An external file that holds a picture, illustration, etc.
Object name is animals-03-00238-g007.jpg

This schematic illustration (adapted with permission from an original by Professor Bert van Zupthen) attempts to describe trends in the use of animals for scientific purposes in the Western world across time. It depicts the emergence of the first vivisection studies by classical Greek physicians, the absence of animal-based research—along with most medical and scientific research—across the Middle Ages, its resurgence in the Renaissance onwards, and the rapid increase in animal studies following the rise of science-based physiology and medicine in the nineteenth century. The curves represented are nevertheless conjectural, as there are no reliable statistics on animal use for most of the period covered. Even nowadays it is hard to estimate trends in animal research, as data from several developed countries is insufficient (for instance, in the United States, rodents, fish and birds are not accounted for in the statistics). The available data, however, suggest that the number of animals used in research and testing in the Western world peaked in the 1970s, and decreased until the late 1990s, or early 2000s, to about half the number of 30 years earlier, and stabilizing in recent years.

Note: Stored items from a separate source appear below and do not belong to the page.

(* Let $\tilde A\in\widetilde{SL}(2,\mathbb R)_+$ and let $a<b$ be fixed points of $\tilde A$ such that $\tilde A(x)>x$ for all $x\in U:=(a,b)$. Then every other interval $U'=(a',b')$ with the same property ($a'<b'$ fixed points of $\tilde A$ with $\tilde A(x)>x$ for all $x\in U'$) is of the form $U'=(a+k\pi,b+k\pi)$ for some $k\in\mathbb Z$. Moreover, the projective curves $U/\langle\tilde A\rangle$ and $U'/\langle\tilde A\rangle$ are isomorphic.
   Context: Let $\pi:\mathbb R\to\mathbb{RP}^1$, $\pi(t)=[\cos t:\sin t]$, and $\bar\pi(t)=(\cos t,\sin t)\in S^1$; $SL(2,\mathbb R)$ acts on $S^1$ by $A\cdot v=Av/\|Av\|$. The universal cover $\widetilde{SL}(2,\mathbb R)$ is realized as the group of diffeomorphisms $\tilde A$ of $\mathbb R$ for which there exists $A\in SL(2,\mathbb R)$ with $\bar\pi\circ\tilde A=A\cdot\bar\pi$. $\widetilde{SL}(2,\mathbb R)_+$ denotes the set of $\tilde A\in\widetilde{SL}(2,\mathbb R)$ such that $\tilde A(x)>x$ for at least one $x\in\mathbb R$. Intervals of $\mathbb R$ carry the projective structure pulled back from $\mathbb{RP}^1$ by $\pi$; elements of $\widetilde{SL}(2,\mathbb R)$ act by projective maps, and $\langle\tilde A\rangle$ acts freely and properly on $U$, so $U/\langle\tilde A\rangle$ is a closed projective curve. *)

theory Defs
  imports "HOL-Analysis.Analysis"
begin

definition pibar :: "real \<Rightarrow> real^2" where
  "pibar t = (\<chi> i. if i = 1 then cos t else sin t)"

definition sl_act :: "real^2^2 \<Rightarrow> real^2 \<Rightarrow> real^2" where
  "sl_act A v = (1 / norm (A *v v)) *\<^sub>R (A *v v)"

definition diffeo_R :: "(real \<Rightarrow> real) \<Rightarrow> bool" where
  "diffeo_R f \<longleftrightarrow> bij f \<and> (\<forall>x. f differentiable (at x)) \<and> (\<forall>x. inv f differentiable (at x))"

text \<open>Elements of the universal cover $\widetilde{SL}(2,\mathbb R)$, realized as diffeomorphisms of $\mathbb R$.\<close>
definition tildeSL :: "(real \<Rightarrow> real) \<Rightarrow> bool" where
  "tildeSL f \<longleftrightarrow> diffeo_R f \<and>
     (\<exists>A::real^2^2. det A = 1 \<and> (\<forall>t. pibar (f t) = sl_act A (pibar t)))"

definition tildeSL_plus :: "(real \<Rightarrow> real) \<Rightarrow> bool" where
  "tildeSL_plus f \<longleftrightarrow> tildeSL f \<and> (\<exists>x. f x > x)"

text \<open>Two nonzero vectors represent the same point of $\mathbb{RP}^1$.\<close>
definition proj_eq :: "real^2 \<Rightarrow> real^2 \<Rightarrow> bool" where
  "proj_eq u v \<longleftrightarrow> (\<exists>c. c \<noteq> 0 \<and> u = c *\<^sub>R v)"

text \<open>A map $g$ defined on an open set $V\subseteq\mathbb R$ is projective (for the structure pulled back
  from $\mathbb{RP}^1$ by $\pi$) if locally it is continuous and covers a projective transformation of
  $\mathbb{RP}^1$, i.e. $\pi \circ g = M \circ \pi$ near every point, with $M \in GL(2,\mathbb R)$.\<close>
definition proj_map_on :: "real set \<Rightarrow> (real \<Rightarrow> real) \<Rightarrow> bool" where
  "proj_map_on V g \<longleftrightarrow> open V \<and>
     (\<forall>x\<in>V. \<exists>W. open W \<and> x \<in> W \<and> W \<subseteq> V \<and> continuous_on W g \<and>
        (\<exists>M::real^2^2. det M \<noteq> 0 \<and> (\<forall>t\<in>W. proj_eq (pibar (g t)) (M *v pibar t))))"

definition iter_int :: "(real \<Rightarrow> real) \<Rightarrow> int \<Rightarrow> real \<Rightarrow> real" where
  "iter_int f n = (if 0 \<le> n then f ^^ nat n else inv f ^^ nat (- n))"

definition orbit :: "(real \<Rightarrow> real) \<Rightarrow> real \<Rightarrow> real set" where
  "orbit f x = range (\<lambda>n. iter_int f n x)"

text \<open>The points of the quotient curve $U/\langle f\rangle$ are the orbits of points of $U$.
  A map $F : U/\langle f\rangle \to U'/\langle f\rangle$ is projective if it is locally induced by
  projective maps $U \supseteq W \to U'$ (the charts of the quotient being induced from $U$).\<close>
definition proj_quot_map ::
  "(real \<Rightarrow> real) \<Rightarrow> real set \<Rightarrow> real set \<Rightarrow> (real set \<Rightarrow> real set) \<Rightarrow> bool" where
  "proj_quot_map f U U' F \<longleftrightarrow>
     (\<forall>x\<in>U. \<exists>W g. x \<in> W \<and> W \<subseteq> U \<and> g ` W \<subseteq> U' \<and> proj_map_on W g \<and>
        (\<forall>y\<in>W. F (orbit f y) = orbit f (g y)))"

definition proj_curves_iso :: "(real \<Rightarrow> real) \<Rightarrow> real set \<Rightarrow> real set \<Rightarrow> bool" where
  "proj_curves_iso f U U' \<longleftrightarrow>
     (\<exists>F. bij_betw F (orbit f ` U) (orbit f ` U') \<and> proj_quot_map f U U' F \<and>
          proj_quot_map f U' U (inv_into (orbit f ` U) F))"

end

theory Submission
  imports Defs
begin

(* Let A be the matrix covered by f. The function |A pibar(t)| sin (f t - t) equals the
   cross product pibar(t) x A pibar(t), a quadratic form in pibar(t), i.e. a function
   alpha + beta cos 2t + gamma sin 2t of period pi. The fixed point a makes pibar(a) an
   eigenvector of A with positive eigenvalue; as det A > 0 there is then no eigenvector with
   negative eigenvalue, so f t - t never equals +-pi and, by continuity, |f t - t| < pi
   everywhere. Hence f commutes with translation by pi, and f t - t has the sign of the
   trigonometric form. An interval on which such a form is positive and at whose ends it
   vanishes is determined modulo pi by its left end point, where the form vanishes with
   nonnegative slope. So U' = U + k pi, and translation by k pi, a projective map (a rotation
   of the circle) commuting with f, induces the isomorphism of the quotient curves. *)

lemma pibar_nth [simp]: "pibar t $ 1 = cos t" "pibar t $ 2 = sin t"
  by (simp_all add: pibar_def)

lemma vec2_eq_iff: "(u::real^2) = v \<longleftrightarrow> u$1 = v$1 \<and> u$2 = v$2"
  by (simp add: vec_eq_iff forall_2)

lemma matrix_vector_mult_nth_2 [simp]:
  "((A::real^2^2) *v v) $ 1 = A$1$1 * v$1 + A$1$2 * v$2"
  "((A::real^2^2) *v v) $ 2 = A$2$1 * v$1 + A$2$2 * v$2"
  by (simp_all add: matrix_vector_mult_def sum_2)

lemma pibar_nonzero: "pibar t \<noteq> 0"
proof
  assume "pibar t = 0"
  hence "cos t = 0" "sin t = 0"
    by (metis pibar_nth zero_index)+
  thus False
    using sin_cos_squared_add[of t] by simp
qed

lemma pibar_add_pi: "pibar (t + pi) = - pibar t"
  by (simp add: vec2_eq_iff)

lemma pibar_diff_pi: "pibar (t - pi) = - pibar t"
  by (simp add: vec2_eq_iff)

lemma pibar_eq_iff: "pibar s = pibar t \<longleftrightarrow> (\<exists>n::int. s = t + 2 * pi * n)"
  using sin_cos_eq_iff[of s t] by (auto simp: vec2_eq_iff)

definition cross2 :: "real^2 \<Rightarrow> real^2 \<Rightarrow> real" where
  "cross2 u v = u$1 * v$2 - u$2 * v$1"

lemma cross2_pibar: "cross2 (pibar s) (pibar t) = sin (t - s)"
  by (simp add: cross2_def sin_diff algebra_simps)

lemma cross2_scaleR_right: "cross2 u (c *\<^sub>R v) = c * cross2 u v"
  by (simp add: cross2_def algebra_simps)

lemma cross2_matrix_vector_mult: "cross2 (A *v u) (A *v v) = det A * cross2 u v"
  by (simp add: cross2_def det_2 algebra_simps)

lemma det_neg_if_opposite_eigenvalues:
  fixes A :: "real^2^2"
  assumes u: "A *v u = l *\<^sub>R u" "u \<noteq> 0" "l > 0"
    and v: "A *v v = - m *\<^sub>R v" "v \<noteq> 0" "m > 0"
  shows "det A < 0"
proof (cases "cross2 u v = 0")
  case True
  \<comment> \<open>\<open>u\<close> and \<open>v\<close> are parallel, but the antisymmetric part of \<open>A\<close> makes them orthogonal\<close>
  have "(A *v u) \<bullet> v - u \<bullet> (A *v v) = (A$2$1 - A$1$2) * cross2 u v"
    by (simp add: inner_vec_def sum_2 cross2_def algebra_simps)
  hence "(l + m) * (u \<bullet> v) = 0"
    using True u(1) v(1) by (simp add: algebra_simps)
  hence "u \<bullet> v = 0"
    using u(3) v(3) by simp
  moreover have "(u \<bullet> v)\<^sup>2 + (cross2 u v)\<^sup>2 = (u \<bullet> u) * (v \<bullet> v)"
    by (simp add: inner_vec_def sum_2 cross2_def power2_eq_square algebra_simps)
  ultimately show ?thesis
    using True u(2) v(2) by simp
next
  case False
  have "(det A + l * m) * cross2 u v = 0"
    using cross2_matrix_vector_mult[of A u v] u(1) v(1) by (simp add: cross2_def algebra_simps)
  hence "det A = - (l * m)"
    using False by simp
  thus ?thesis
    using u(3) v(3) by simp
qed

lemma norm_matrix_vector_mult_pos:
  fixes A :: "real^2^2"
  assumes "det A \<noteq> 0" "v \<noteq> 0"
  shows "norm (A *v v) > 0"
  using assms by (metis invertible_det_nz invertible_def matrix_left_invertible_ker zero_less_norm_iff)

lemma matrix_vector_mult_eq_scaleR_sl_act:
  "A *v v = norm (A *v v) *\<^sub>R sl_act A v" if "A *v v \<noteq> 0"
  using that by (simp add: sl_act_def)

lemma sl_act_uminus: "sl_act A (- v) = - sl_act A v"
proof -
  have "A *v (- v) = - (A *v v)"
    by (simp add: vec2_eq_iff)
  thus ?thesis
    by (simp add: sl_act_def)
qed

definition trig2 :: "real \<Rightarrow> real \<Rightarrow> real \<Rightarrow> real \<Rightarrow> real" where
  "trig2 \<alpha> \<beta> \<gamma> t = \<alpha> + \<beta> * cos (2 * t) + \<gamma> * sin (2 * t)"

lemma cross2_pibar_matrix_vector_mult:
  "cross2 (pibar t) (A *v pibar t)
     = trig2 ((A$2$1 - A$1$2) / 2) ((A$2$1 + A$1$2) / 2) ((A$2$2 - A$1$1) / 2) t"
  unfolding trig2_def cos_double sin_double cross2_def pibar_nth matrix_vector_mult_nth_2
  using sin_cos_squared_add[of t] by algebra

While many, if not most, researchers do not foresee an end to animal experiments in biomedicine, the European Commission has nevertheless set full replacement of animal experiments as an ultimate goal [ 204 ], and the Humane Society of the United States has the optimistic goal of full replacement by the year 2050 [ 192 ].

In 1999, the Declaration of Bologna, signed in the 3rd World Congress on Alternatives and Animal Use in the Life Sciences, would reaffirm that “ humane science is a prerequisite for good science, and is best achieved in relation to laboratory animal procedures by the vigorous promotion and application of the Three Rs ” [ 200 ]. The Three Rs would also become the overarching principle of several legislative documents regulating animal use in science since the 1980s (including the latest European legislation [ 201 ]). Most recently, biomedical researchers in both industry and academia have also acknowledged the central importance of the Three Rs and the need for more transparency regarding animal use in biomedical research through the Basel Declaration [ 202 , 203 ]. More important, there are currently thousands of scientists devoted to the progress of animal welfare and development of alternatives to animal use in the life sciences.

8. Conclusion

The historical controversy surrounding animal research is far from being settled. While the key arguments in this debate have not differed significantly since the rise of antivivisectionism in nineteenth-century England—and even before—we have since then moved a long way forward in regards to the protection of animals used in research and transparency regarding such use. While animal experiments have played a vital role in scientific and biomedical progress and are likely to continue to do so in the foreseeable future, it is nonetheless important to keep focusing on the continuous improvement of the wellbeing of laboratory animals, as well as further development of replacement alternatives for animal experiments.

Acknowledgments

The author thanks Francis Brosseron ( Lycée Français du Porto ) for the photograph in Figure 5 , Bert van Zutphen (Emeritus Professor, Utrecht University) for the original picture that has been adapted for Figure 7 , and I. Anna S. Olsson, Manuel Sant’Ana (IBMC, University of Porto) and four anonymous referees for their valuable comments on this manuscript.

Conflict of Interest

The author declares no conflict of interest.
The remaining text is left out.